Molti sono stati gli interventi di Vaccari per i parchi nazionali; l’ultimo di essi è quello del 1947, sul Parco Nazionale del Gran Paradiso (Vaccari, 1947), scritto su sollecitazione di Renzo Videsott che aveva bisogno di un forte sostegno per quel parco. Dopo un periodo di scambi epistolari, finalmente Renzo Videsott riesce a parlare al telefono con Vaccari e al rientro a Torino gli scrive una lettera in data 4 febbraio 1949 in cui, fra l’altro, dice: Pochi minuti prima della partenza del treno da Roma, ho potuto scoprire la sua residenza e telefonarle. Così ho sentito la voce dell’uomo che tanto ammiro per la sua fiamma ideale e per la sua azione combattiva, costruttiva, appassionata, altruista, satura d’amore verso le forze eterne della vita cosmica (Pedrotti F., 2007); nella lettera chiede poi consigli sempre per il Gran Paradiso. In un’altra lettera scrive che Lui, il Vaccari, è l’anima, l’azione costruttiva e combattiva e creatrice, l’uomo indomito, pronto ad attaccare a buttarsi, anche ora con la sua scrittura tremolante che serpeggia sul foglio (testo tratto dal diario di Renzo Videsott, riportato in Piccioni, 2010). In un’altra lettera (12 aprile 1949) chiede consigli sull’organizzazione delle attività per la protezione della natura svolte dal Movimento; il 25 maggio 1949 gli chiede un articolo per la protezione degli uccelli da usare per la Regione Trentino-Alto Adige (che stava discutendo il problema) e in sostegno del progetto per il Parco Nazionale Brenta-Adamello, da pubblicare su un giornale di Trento. Finalmente si incontra con Lino Vaccari nella sua villa sulla via Cassia. Videsott scrive: Sono le ore 7,45 e con tempo burrascoso sono giunto in via Cassia davanti al numero 486: villa del Prof. Vaccari. Povero buon vecchio! Lo so che non può giovare, ma è tale la gioia che vedo nei suoi occhi, per questa mia visita, nonostante la pioggia e l’ora, che mi dà abbastanza soddisfazione, per compensare l’alzataccia alle ore 6 (testo tratto dal diario di Renzo Videsott, riportato in Piccioni, 2010). Videsott rimane colpito – fra l’altro – dai suoi occhi, nei quali si rifugia la superstite vitalità. La sua tremenda vitalità di un tempo.

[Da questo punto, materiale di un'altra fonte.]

lemma topological_group_choquet_twin_plays:
  fixes G :: "('a, 'm) monoid_scheme" (structure)
  assumes tg: "topological_group G T" and \<rho>: "choquet_strategy T \<rho>" and b: "b \<in> carrier G"
    and W: "\<And>n. openin T (W n)" "\<And>n. \<one> \<in> W n"
  obtains P Q where "\<forall>n. choquet_play T \<rho> P n" "\<forall>n. choquet_play T \<rho> Q n"
    "\<And>k. Q (2*k) = (\<lambda>v. v \<otimes> inv b) ` P (2*k+1)"
    "\<And>k. \<exists>z\<in>carrier G. P (2*k+2) \<subseteq> (\<lambda>w. z \<otimes> w) ` W k"
proof -
  interpret group G
    using topological_groupD(1)[OF tg] .
  have carrier: "A \<subseteq> carrier G" if "openin T A" for A
    using openin_subset[OF that] topological_groupD(2)[OF tg] by simp
  define f where "f B = (\<lambda>v. v \<otimes> inv b) ` B" for B
  define centre where "centre A = (SOME z. z \<in> (\<lambda>v. v \<otimes> b) ` A)" for A
  define g where "g k A = (\<lambda>v. v \<otimes> b) ` A \<inter> (\<lambda>w. centre A \<otimes> w) ` W k" for k A
  have centre: "openin T ((\<lambda>v. v \<otimes> b) ` A)" "centre A \<in> (\<lambda>v. v \<otimes> b) ` A"
    if "openin T A" "A \<noteq> {}" for A
  proof -
    show "openin T ((\<lambda>v. v \<otimes> b) ` A)"
      using topological_group_openin_mult_right[OF tg b that(1)] .
    show "centre A \<in> (\<lambda>v. v \<otimes> b) ` A"
      unfolding centre_def using that(2) by (simp add: some_in_eq)
  qed
  have f: "openin T (f B) \<and> f B \<noteq> {}" if "openin T B" "B \<noteq> {}" for B
    unfolding f_def using topological_group_openin_mult_right[OF tg _ that(1)] b that(2) by auto
  have g: "openin T (g k A) \<and> g k A \<noteq> {}" if "openin T A" "A \<noteq> {}" for k A
    using topological_group_openin_Int_mult_left[OF tg centre[OF that] W] unfolding g_def by blast
  have g_f: "g k A \<subseteq> B" if "openin T B" "A \<subseteq> f B" for k A B
    using image_mono[OF that(2), of "\<lambda>v. v \<otimes> b"] image_mult_right_image_mult_inv[OF carrier[OF that(1)] b]
    unfolding g_def f_def by blast
  have f_g: "f B \<subseteq> A" if "openin T A" "B \<subseteq> g k A" for k A B
    using image_mult_inv_image_mult_right[OF carrier[OF that(1)] b] that(2)
    unfolding g_def f_def by blast
  have nonempty: "topspace T \<noteq> {}"
    using topological_groupD(2)[OF tg] by auto
  obtain P Q where P: "\<forall>n. choquet_play T \<rho> P n" and Q: "\<forall>n. choquet_play T \<rho> Q n"
    and Q_even: "\<forall>k. Q (2*k) = f (P (2*k+1))" and P_even: "\<forall>k. P (2*k+2) = g k (Q (2*k+1))"
    by (rule choquet_twin_plays[of T \<rho> "topspace T" f g, OF \<rho> openin_topspace nonempty f g g_f f_g])
  show thesis
  proof (rule that[OF P Q])
    show "Q (2*k) = (\<lambda>v. v \<otimes> inv b) ` P (2*k+1)" for k
      using Q_even unfolding f_def by blast
    show "\<exists>z\<in>carrier G. P (2*k+2) \<subseteq> (\<lambda>w. z \<otimes> w) ` W k" for k
    proof
      have "Q (2*k+1) = \<rho> (map Q [0..<2*k+1])"
        using spec[OF Q, of "Suc k"] unfolding choquet_play_Suc by blast
      then have "openin T (Q (2*k+1))" "Q (2*k+1) \<noteq> {}"
        using choquet_strategyD(1,2)[OF \<rho> spec[OF Q, of k]] by simp_all
      then show "centre (Q (2*k+1)) \<in> carrier G"
        using centre carrier by blast
      show "P (2*k+2) \<subseteq> (\<lambda>w. centre (Q (2*k+1)) \<otimes> w) ` W k"
        using P_even unfolding g_def by blast
    qed
  qed
qed
(* Consider the iterates of the AdaSMSAG method described in the context, and let $x^*$ be an optimal solution of $\min_{x\in X}\psi(x)$. Suppose that, for a given $k\ge1$, $\alpha_k\beta_k-\theta_k\le 0$ and $\beta_k-L_k>0$, where $L_k:=L_f+L/\mu_k$. Then $$\Gamma_k\le\alpha_k\theta_k\left(D_{k-1}^2-D_k^2\right)+\frac{\|\delta_k\|^2}{2(\beta_k-L_k)}+\alpha_k\langle\delta_k,\;x^*-z_{k-1}\rangle.$$
   Context: Setting: $X\subseteq\mathbb{R}^n$ is a nonempty closed convex set; $\psi=f+h$ where $f(x)=E[F(x,\xi)]$, $h(x)=E[H(x,\xi)]$, $\xi$ a random vector supported on $\Xi\subseteq\mathbb{R}^d$, $F(\cdot,\xi)$ convex with Lipschitz continuous gradient and $H(\cdot,\xi)$ convex (possibly nonsmooth) for every $\xi$; $f$ is convex and differentiable with $\nabla f$ Lipschitz on $X$ with constant $L_f$. $\{\tilde h_\mu\}_{\mu\in(0,\bar\mu]}$ is a smoothing function of $h$ on $X$: each $\tilde h_\mu$ is continuously differentiable and convex on $X$; $\tilde h_\mu(z)\to h(x)$ as $z\to x,\mu\downarrow0$; $|\tilde h_{\mu_2}(x)-\tilde h_{\mu_1}(x)|\le\kappa|\mu_1-\mu_2|$ for all $x\in X$, $\mu_1,\mu_2\in(0,\bar\mu]$ ($\kappa>0$); and $\nabla\tilde h_\mu$ is $L/\mu$-Lipschitz on $X$ ($L>0$). Set $\tilde\psi_\mu:=f+\tilde h_\mu$. A stochastic first-order oracle returns, for input $x\in X$, $\mu>0$ and a sample $\xi$, a vector $\nabla\tilde\Psi_\mu(x,\xi)$. AdaSMSAG method: inputs $N\ge1$, batch sizes $m_k\ge 1$, $\alpha_k\in(0,1)$, $c>0$, $\mu_0\in(0,\bar\mu]$, $\beta_k>0$, $\theta_k>0$, $z_0=y_0\in X$. For $k=1,\dots,N$: $x_k=\alpha_k z_{k-1}+(1-\alpha_k)y_{k-1}$; $\mu_k=\frac{c\mu_0}{k+c}$; draw samples $\xi_{k,1},\dots,\xi_{k,m_k}$ and set $G_k:=\frac1{m_k}\sum_{i=1}^{m_k}\nabla\tilde\Psi_{\mu_k}(x_k,\xi_{k,i})$; $y_k=\arg\min_{y\in X}\{\langle G_k,y-x_k\rangle+\frac{\beta_k}{2}\|y-x_k\|^2\}$; $z_k=\arg\min_{x\in X}\{\langle G_k,x-x_k\rangle+\frac{\theta_k}{2}\|x-z_{k-1}\|^2\}$. Notation: $\delta_k:=G_k-\nabla\tilde\psi_{\mu_k}(x_k)$; $D_k^2:=\frac{\|x^*-z_k\|^2}{2}$ for $k\ge0$; $\Delta_{\mu_k}:=\tilde\psi_{\mu_k}(y_k)-\tilde\psi_{\mu_k}(x^* )$ for $k\ge0$; $\Gamma_k:=\Delta_{\mu_k}-(1-\alpha_k)\Delta_{\mu_{k-1}}-2\kappa(1-\alpha_k)(\mu_{k-1}-\mu_k)$. *)

theory Defs
  imports "HOL-Analysis.Analysis"
begin
lemma fps_coeffs_in_one: "fps_coeffs_in (RR_space emb (\<lambda>_. 0)) 1"
  by (simp add: fps_coeffs_in_def RR_space_one RR_space_zero)

lemma fps_coeffs_in_const_emb_mult:
  assumes "const_emb emb" "fps_coeffs_in (RR_space emb D) f"
  shows "fps_coeffs_in (RR_space emb D) (fps_const (emb c) * f)"
  using assms by (auto simp: fps_coeffs_in_def intro: RR_space_emb_mult)

lemma fps_coeffs_in_of_nat_mult: "fps_coeffs_in (RR_space emb D) f \<Longrightarrow> fps_coeffs_in (RR_space emb D) (of_nat N * f)"
proof -
  assume "fps_coeffs_in (RR_space emb D) f"
  moreover have "of_nat N * f = fps_const (of_nat N) * f" by (simp add: fps_of_nat)
  ultimately show ?thesis by (simp add: fps_coeffs_in_def RR_space_of_nat_mult)
qed

lemma fps_coeffs_in_X_power_mult: "fps_coeffs_in (RR_space emb D) f \<Longrightarrow> fps_coeffs_in (RR_space emb D) (fps_X ^ s * f)"
  by (simp add: fps_coeffs_in_def fps_X_power_mult_nth RR_space_zero)

definition entries_in :: "'a set \<Rightarrow> (nat \<Rightarrow> nat \<Rightarrow> 'a) \<Rightarrow> bool" where
  "entries_in S x \<longleftrightarrow> (\<forall>j l. x j l \<in> S)"

lemma fps_coeffs_in_prod:
  assumes "\<And>p. p < r \<Longrightarrow> fps_coeffs_in (RR_space emb D) (F p)"
  shows "fps_coeffs_in (RR_space emb (div_scale r D)) (\<Prod>p<r. F p)"
  using assms
proof (induction r)
  case 0 then show ?case using fps_coeffs_in_one[of emb] by (simp add: div_scale_def)
next
  case (Suc r)
  have "fps_coeffs_in (RR_space emb (div_scale (Suc r) D)) ((\<Prod>p<r. F p) * F r)"
    by (rule fps_coeffs_in_mult[of emb "div_scale r D" _ D]) (use Suc in \<open>auto simp: div_scale_def algebra_simps\<close>)
  then show ?case by simp
qed

lemma fps_coeffs_in_multi_form:
  assumes "const_emb emb" "\<And>p. p < r \<Longrightarrow> entries_in (RR_space emb D) (z p)"
  shows "fps_coeffs_in (RR_space emb (div_scale r D)) (multi_form (\<lambda>js. emb (a js)) n r z)"
  unfolding multi_form_def
proof (intro fps_coeffs_in_sum finite_idx fps_coeffs_in_const_emb_mult[OF assms(1)] fps_coeffs_in_prod)
  fix js p assume "p < r"
  then show "fps_coeffs_in (RR_space emb D) (Abs_fps (z p (js ! p)))"
    using assms(2) by (simp add: fps_coeffs_in_def entries_in_def)
qed
lemma psd_form_SucD:
  assumes "psd_form (Suc d) P"
  shows "psd_form d P"
  unfolding psd_form_def
proof
  fix v
  have "0 \<le> quad_form (Suc d) P (v(d := 0))"
    using assms unfolding psd_form_def ..
  then show "0 \<le> quad_form d P v"
    by (simp add: quad_form_Suc_upd)
qed

lemma psd_form_zero_diag:
  assumes P: "psd_form d P" and ij: "i < d" "j < d" and zero: "P j j = 0"
  shows "P i j = 0"
proof (cases "i = j")
  case True
  then show ?thesis using zero by simp
next
  case False
  define z where "z = P i j"
  define p where "p = Re (P i i)"
  define c where "c = 1 / (p + 1)"
  have Pii: "P i i = complex_of_real p"
    using psd_form_diag_real[OF P ij(1)] unfolding p_def .
  have p0: "0 \<le> p"
    using psd_form_diag_nonneg[OF P ij(1)] unfolding p_def by (simp add: less_eq_complex_def)
  have c0: "0 < c" and pc: "p * c < 1"
    using p0 unfolding c_def by (auto simp: field_simps)
  have herm: "P j i = cnj z"
    using psd_form_hermitian[OF P ij] unfolding z_def .
  \<comment> \<open>on \<open>e\<^sub>j - c z e\<^sub>i\<close> the form is \<open>c |z|\<^sup>2 (p c - 2)\<close>, negative unless \<open>z = 0\<close>\<close>
  have "0 \<le> quad_form d P (\<lambda>k. (if k = i then - complex_of_real c * z else 0) + (if k = j then 1 else 0))"
    using P unfolding psd_form_def ..
  then have "0 \<le> Re (P i i * (- complex_of_real c * z) * cnj (- complex_of_real c * z)
      + P i j * cnj (- complex_of_real c * z) + P j i * (- complex_of_real c * z) + P j j)"
    by (simp add: quad_form_two_points[OF ij False] less_eq_complex_def)
  also have "\<dots> = c * ((Re z)\<^sup>2 + (Im z)\<^sup>2) * (p * c - 2)"
    unfolding Pii herm zero z_def[symmetric] by (simp add: algebra_simps power2_eq_square)
  also have "\<dots> = (c * (p * c - 2)) * ((Re z)\<^sup>2 + (Im z)\<^sup>2)"
    by (simp only: ac_simps)
  finally have "0 \<le> (c * (p * c - 2)) * ((Re z)\<^sup>2 + (Im z)\<^sup>2)" .
  moreover have "c * (p * c - 2) < 0"
    using c0 pc by (simp add: mult_pos_neg)
  ultimately have "(Re z)\<^sup>2 + (Im z)\<^sup>2 \<le> 0"
    using mult_le_cancel_left_neg[of "c * (p * c - 2)" 0 "(Re z)\<^sup>2 + (Im z)\<^sup>2"] by (simp only: mult_zero_right)
  then have "Re z = 0" "Im z = 0"
    by (simp_all add: sum_power2_le_zero_iff)
  then show ?thesis
    unfolding z_def[symmetric] by (simp add: complex_eq_iff)
qed

text \<open>For \<open>P d d = 0\<close> the division yields \<open>0\<close> and the complement is just the restriction of
  \<open>P\<close>, so the Gram induction below needs no case split on the pivot.\<close>

lemma psd_form_schur_complement:
  assumes P: "psd_form (Suc d) P"
  shows "psd_form d (\<lambda>i j. P i j - P i d * P d j / P d d)"
proof (cases "P d d = 0")
  case True
  then show ?thesis using psd_form_SucD[OF P] by simp
next
  case False
  define a where "a = P d d"
  have a0: "a \<noteq> 0"
    using False unfolding a_def .
  have a_real: "cnj a = a"
    using psd_form_hermitian[OF P, of d d] unfolding a_def by simp
  show ?thesis
    unfolding psd_form_def
  proof
    fix v
    define \<beta> where "\<beta> = (\<Sum>j<d. P d j * v j)"
    have cnj_\<beta>: "(\<Sum>i<d. P i d * cnj (v i)) = cnj \<beta>"
      unfolding \<beta>_def cnj_sum using psd_form_hermitian[OF P, of _ d] by (intro sum.cong) auto
    have "quad_form d (\<lambda>i j. P i j - P i d * P d j / P d d) v
        = quad_form d P v - (\<Sum>i<d. \<Sum>j<d. P i d * cnj (v i) * (P d j * v j) / a)"
      unfolding quad_form_def a_def by (simp add: algebra_simps sum_subtractf)
    also have "\<dots> = quad_form d P v - (\<Sum>i<d. P i d * cnj (v i)) * (\<Sum>j<d. P d j * v j) / a"
      by (simp add: sum_product sum_divide_distrib)
    also have "\<dots> = quad_form d P v - cnj \<beta> * \<beta> / a"
      by (simp only: cnj_\<beta> flip: \<beta>_def)
    also have "\<dots> = quad_form d P v + (- \<beta> / a) * cnj \<beta> + cnj (- \<beta> / a) * \<beta>
        + a * (- \<beta> / a) * cnj (- \<beta> / a)"
      using a0 a_real by (simp add: field_simps)
    also have "\<dots> = quad_form (Suc d) P (v(d := - \<beta> / a))"
      by (simp only: quad_form_Suc_upd cnj_\<beta> flip: \<beta>_def a_def)
    finally show "0 \<le> quad_form d (\<lambda>i j. P i j - P i d * P d j / P d d) v"
      using P unfolding psd_form_def by simp
  qed
qed
lemma closing_pivot_jstar:
  assumes "cycle_start = 0"
  shows "pivot (orbit_basis orbit_end {}) (Inr (orbit orbit_end)) (Inl jstar) (orbit_basis 0 cycle)"
proof -
  have new: "orbit 0 \<notin> orbit ` {1..orbit_end}" "orbit orbit_end \<notin> orbit ` {..<orbit_end}"
    by (intro orbit_notin_orbit_image; auto)+
  have "{..orbit_end} = insert 0 {1..orbit_end}" "{..orbit_end} = insert orbit_end {..<orbit_end}"
    by auto
  then have cycle: "cycle = insert jstar (orbit ` {1..orbit_end})"
    "cycle = insert (orbit orbit_end) (orbit ` {..<orbit_end})"
    unfolding cycle_def assms atLeast0AtMost by (metis image_insert orbit_0)+
  have "insert (Inr (orbit orbit_end)) (orbit_basis orbit_end {}) - {Inl jstar} =
      Inl ` (- insert jstar (orbit ` {1..orbit_end})) \<union>
      Inr ` insert (orbit orbit_end) (orbit ` {..<orbit_end})"
    unfolding orbit_basis_def by auto
  also have "\<dots> = orbit_basis 0 cycle"
    unfolding orbit_basis_def cycle(1)[symmetric] cycle(2)[symmetric] by simp
  finally show ?thesis
    unfolding pivot_def using new orbit_cycle_start assms
    by (auto simp: orbit_basis_def orbit_Suc)
qed

lemma closing_pivot:
  assumes "0 < cycle_start"
  shows "pivot (orbit_basis orbit_end {}) (Inr (orbit orbit_end)) (Inr (orbit (cycle_start - 1)))
    (orbit_basis (cycle_start - 1) cycle)"
proof -
  let ?l = "cycle_start - 1"
  have l: "?l < orbit_end" "Suc ?l = cycle_start"
    using assms cycle_start_le_orbit_end by auto
  have "{1..?l} \<union> {cycle_start..orbit_end} = {1..orbit_end}"
    "{..<?l} \<union> {cycle_start..orbit_end} = {..orbit_end} - {?l}"
    using l by auto
  then have "orbit ` {1..?l} \<union> cycle = orbit ` {1..orbit_end}"
    "orbit ` {..<?l} \<union> cycle = orbit ` {..orbit_end} - {orbit ?l}"
    unfolding cycle_def image_Un[symmetric]
    using inj_on_image_set_diff[OF inj_on_orbit, of "{..orbit_end}" "{?l}"] l by auto
  moreover have "orbit ` {..orbit_end} = insert (orbit orbit_end) (orbit ` {..<orbit_end})"
    by (simp add: lessThan_Suc_atMost[symmetric] lessThan_Suc)
  moreover have "orbit orbit_end \<notin> orbit ` {..<orbit_end}"
    by (intro orbit_notin_orbit_image) auto
  moreover have "r (Inr (orbit ?l)) = r (Inr (orbit orbit_end))"
    using orbit_cycle_start l(2) by (metis orbit_Suc)
  ultimately show ?thesis
    unfolding pivot_def orbit_basis_def using l by auto
qed

lemma orbit_notin_cycle: "d < cycle_start \<Longrightarrow> orbit d \<notin> cycle"
  unfolding cycle_def using cycle_start_le_orbit_end by (intro orbit_notin_orbit_image) auto

lemma orbit_basis_0_fully_labeled: "fully_labeled (orbit_basis 0 C)"
  unfolding fully_labeled_def orbit_basis_def by auto

lemma orbit_basis_not_fully_labeled:
  assumes "0 < t" "t \<le> orbit_end" "orbit t \<notin> C"
  shows "\<not> fully_labeled (orbit_basis t C)"
proof -
  have "orbit t \<notin> orbit ` {..<t}"
    using assms(2) by (intro orbit_notin_orbit_image) auto
  moreover have "orbit t \<in> orbit ` {1..t}"
    using assms(1) by auto
  ultimately show ?thesis
    unfolding fully_labeled_def orbit_basis_def using assms(3) by auto
qed

definition path_length :: nat where
  "path_length = orbit_end + max 1 cycle_start"

definition path_basis :: "nat \<Rightarrow> ('n + 'n) set" where
  "path_basis t =
    (if t \<le> orbit_end then orbit_basis t {} else orbit_basis (path_length - t) cycle)"

definition entering :: "nat \<Rightarrow> 'n + 'n" where
  "entering t = (if t \<le> orbit_end then Inr (orbit t) else Inl (orbit (path_length - t)))"

lemma backward_index:
  assumes "orbit_end < t" "t < path_length"
  shows "path_length - t < cycle_start"
  using assms unfolding path_length_def by auto

lemma path_step:
  assumes "t < path_length"
  shows "\<exists>c. pivot (path_basis t) (entering t) c (path_basis (Suc t)) \<and>
    (Suc t < path_length \<longrightarrow> entering (Suc t) = twin c)"
proof -
  consider (forward) "t < orbit_end"
    | (closing_jstar) "t = orbit_end" "cycle_start = 0"
    | (closing) "t = orbit_end" "0 < cycle_start"
    | (backward) "orbit_end < t"
    by linarith
  then show ?thesis
  proof cases
    case forward
    then show ?thesis
      using orbit_basis_pivot(1)[of t "{}"]
      by (intro exI[of _ "Inl (orbit (Suc t))"]) (auto simp: path_basis_def entering_def)
  next
    case closing_jstar
    then show ?thesis
      using closing_pivot_jstar
      by (intro exI[of _ "Inl jstar"]) (simp add: path_basis_def entering_def path_length_def)
  next
    case closing
    then show ?thesis
      using closing_pivot
      by (intro exI[of _ "Inr (orbit (cycle_start - 1))"])
        (auto simp: path_basis_def entering_def path_length_def)
  next
    case backward
    define d where "d = path_length - Suc t"
    have d: "path_length - t = Suc d" "path_length - Suc t = d" "Suc d < cycle_start"
      using backward_index[OF backward assms] assms unfolding d_def by auto
    then have "pivot (orbit_basis (Suc d) cycle) (Inl (orbit (Suc d))) (Inr (orbit d))
        (orbit_basis d cycle)"
      using cycle_start_le_orbit_end orbit_notin_cycle by (intro orbit_basis_pivot(2)) auto
    then show ?thesis
      using backward d
      by (intro exI[of _ "Inr (orbit d)"]) (auto simp: path_basis_def entering_def)
  qed
qed

lemma path_not_fully_labeled:
  assumes "0 < t" "t < path_length"
  shows "\<not> fully_labeled (path_basis t)"
proof (cases "t \<le> orbit_end")
  case True
  then show ?thesis
    using assms orbit_basis_not_fully_labeled[of t "{}"] by (simp add: path_basis_def)
next
  case False
  then have "0 < path_length - t" "path_length - t < cycle_start"
    using assms backward_index by auto
  then show ?thesis
    using False cycle_start_le_orbit_end orbit_notin_cycle orbit_basis_not_fully_labeled
    by (simp add: path_basis_def)
qed

lemma path_end: "path_basis path_length = orbit_basis 0 cycle"
  by (simp add: path_basis_def path_length_def)

lemma LH_run_path:
  "LH_run transversal jstar (map path_basis [0..<Suc path_length]) (map entering [0..<path_length])"
proof (rule LH_run_of_pivots)
  show "0 < path_length"
    by (simp add: path_length_def max_def)
  show "path_basis 0 = range Inl"
    by (simp add: path_basis_def orbit_basis_def)
  show "fully_labeled (path_basis path_length)"
    unfolding path_end by (rule orbit_basis_0_fully_labeled)
qed (simp_all add: path_step path_not_fully_labeled entering_def[of 0])

lemma path_length_le: "path_length \<le> 2 * CARD('n) - 1"
  using orbit_end_less_card cycle_start_le_orbit_end unfolding path_length_def by auto

lemma Inr_in_path_end: "Inr (orbit orbit_end) \<in> path_basis path_length"
  using cycle_start_le_orbit_end unfolding path_end orbit_basis_def cycle_def by auto

end
lemma Q_jpow: "k \<ge> 1 \<Longrightarrow> Q (pow k x) = Q x ^^ k"
proof (induction k rule: less_induct)
  case (less k)
  consider "k = 1" | h where "k = 2 * h" "h \<ge> 1" | h where "k = 2 * h + 1" "h \<ge> 1"
    using less.prems by (cases "k = 1"; cases "even k") (auto elim!: evenE oddE)
  then show ?case
  proof cases
    case 1
    then show ?thesis by simp
  next
    case 2
    have "Q (pow k x) z = (Q x ^^ k) z" for z
    proof -
      have "Q (pow k x) z = Q (pow h x) (Q (pow h x) z)"
        using 2 by (simp add: jpow_even M5)
      also have "\<dots> = (Q x ^^ k) z"
        using less.IH[of h] 2 by (simp add: mult_2 funpow_add)
      finally show ?thesis .
    qed
    then show ?thesis by blast
  next
    case 3
    have "Q (pow k x) z = (Q x ^^ k) z" for z
    proof -
      have "Q (pow k x) z = Q (pow h x) (Q x (Q (pow h x) z))"
        using 3 by (simp add: jpow_odd M6)
      also have "\<dots> = (Q x ^^ k) z"
        using less.IH[of h] 3 by (simp add: mult_2 funpow_add funpow_swap1)
      finally show ?thesis .
    qed
    then show ?thesis by blast
  qed
qed

lemma jpow_odd_eq: "pow (Suc (2 * k)) x = (Q x ^^ k) x"
  by (cases "k = 0") (simp_all add: jpow_odd Q_jpow)

lemma sq_Q_power: "sq ((Q x ^^ m) x) = (Q x ^^ (2 * m)) (sq x)"
proof (induction m)
  case (Suc m)
  have "sq ((Q x ^^ Suc m) x) = Q x (Q ((Q x ^^ m) x) (sq x))"
    using M4 by simp
  also have "Q ((Q x ^^ m) x) = Q x ^^ (2 * m + 1)"
    using Q_jpow[of "Suc (2 * m)" x] by (simp add: jpow_odd_eq)
  finally show ?case by (simp add: funpow_add)
qed simp

lemma jpow_even_eq: "pow (Suc (Suc (2 * k))) x = (Q x ^^ k) (sq x)"
proof (induction k rule: less_induct)
  case (less k)
  have square: "pow (Suc (Suc (2 * k))) x = sq (pow (Suc k) x)"
    using jpow_even[of "Suc k" x] by simp
  show ?case
  proof (cases "even k")
    case True
    then obtain m where "k = 2 * m" by blast
    then show ?thesis using square jpow_odd_eq[of m x] sq_Q_power by simp
  next
    case False
    then obtain h where h: "k = Suc (2 * h)" by (auto elim: oddE)
    have "pow (Suc k) x = sq (pow (Suc h) x)"
      using jpow_even[of "Suc h" x] h by simp
    then have "pow (Suc (Suc (2 * k))) x = Q (pow (Suc h) x) (sq (pow (Suc h) x))"
      using square M3 by simp
    also have "\<dots> = (Q x ^^ Suc h) (pow (Suc (Suc (2 * h))) x)"
      using Q_jpow[of "Suc h" x] jpow_even[of "Suc h" x] by simp
    also have "pow (Suc (Suc (2 * h))) x = (Q x ^^ h) (sq x)"
      using less.IH[of h] h by simp
    finally show ?thesis using h by (simp add: mult_2 funpow_add)
  qed
qed

lemma Q_power_add: "(Q x ^^ j) (y + z) = (Q x ^^ j) y + (Q x ^^ j) z"
  by (induction j) (simp_all add: Q_add)

lemma Q_power_jpow:
  assumes "m \<ge> 1" shows "(Q x ^^ j) (pow m x) = pow (2 * j + m) x"
  using assms
proof (cases rule: positive_nat_parity_cases)
  case (even k)
  then show ?thesis
    using jpow_even_eq[of k x] jpow_even_eq[of "j + k" x] by (simp add: funpow_add)
next
  case (odd k)
  then show ?thesis
    using jpow_odd_eq[of k x] jpow_odd_eq[of "j + k" x] by (simp add: funpow_add)
qed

Renzo Videsott aveva due importantissimi riferimenti fra i protezionisti della precedente generazione: Renato Pampanini e Lino Vaccari, questo lottatore nel campo della pro natura. Quando Videsott ha fondato il Movimento Italiano Protezione Natura, ha voluto che fosse come la continuazione del movimento che c’era stato in precedenza.
La figura di Lino Vaccari e la sua partecipazione al movimento per la protezione della natura è bene presentata e valutata nel contesto generale nel libro di Piccioni “Il volto amato della patria”. Però sono convinto che ci sarebbe ancora molto da scrivere su di lui; mi auguro che ci sia qualcuno che voglia affrontare una ricerca più particolareggiata di quello che io ho qui presentato sulla sua passione per la natura.
A Saint-Christophe di Aosta una strada porta il nome di Via Lino Vaccari.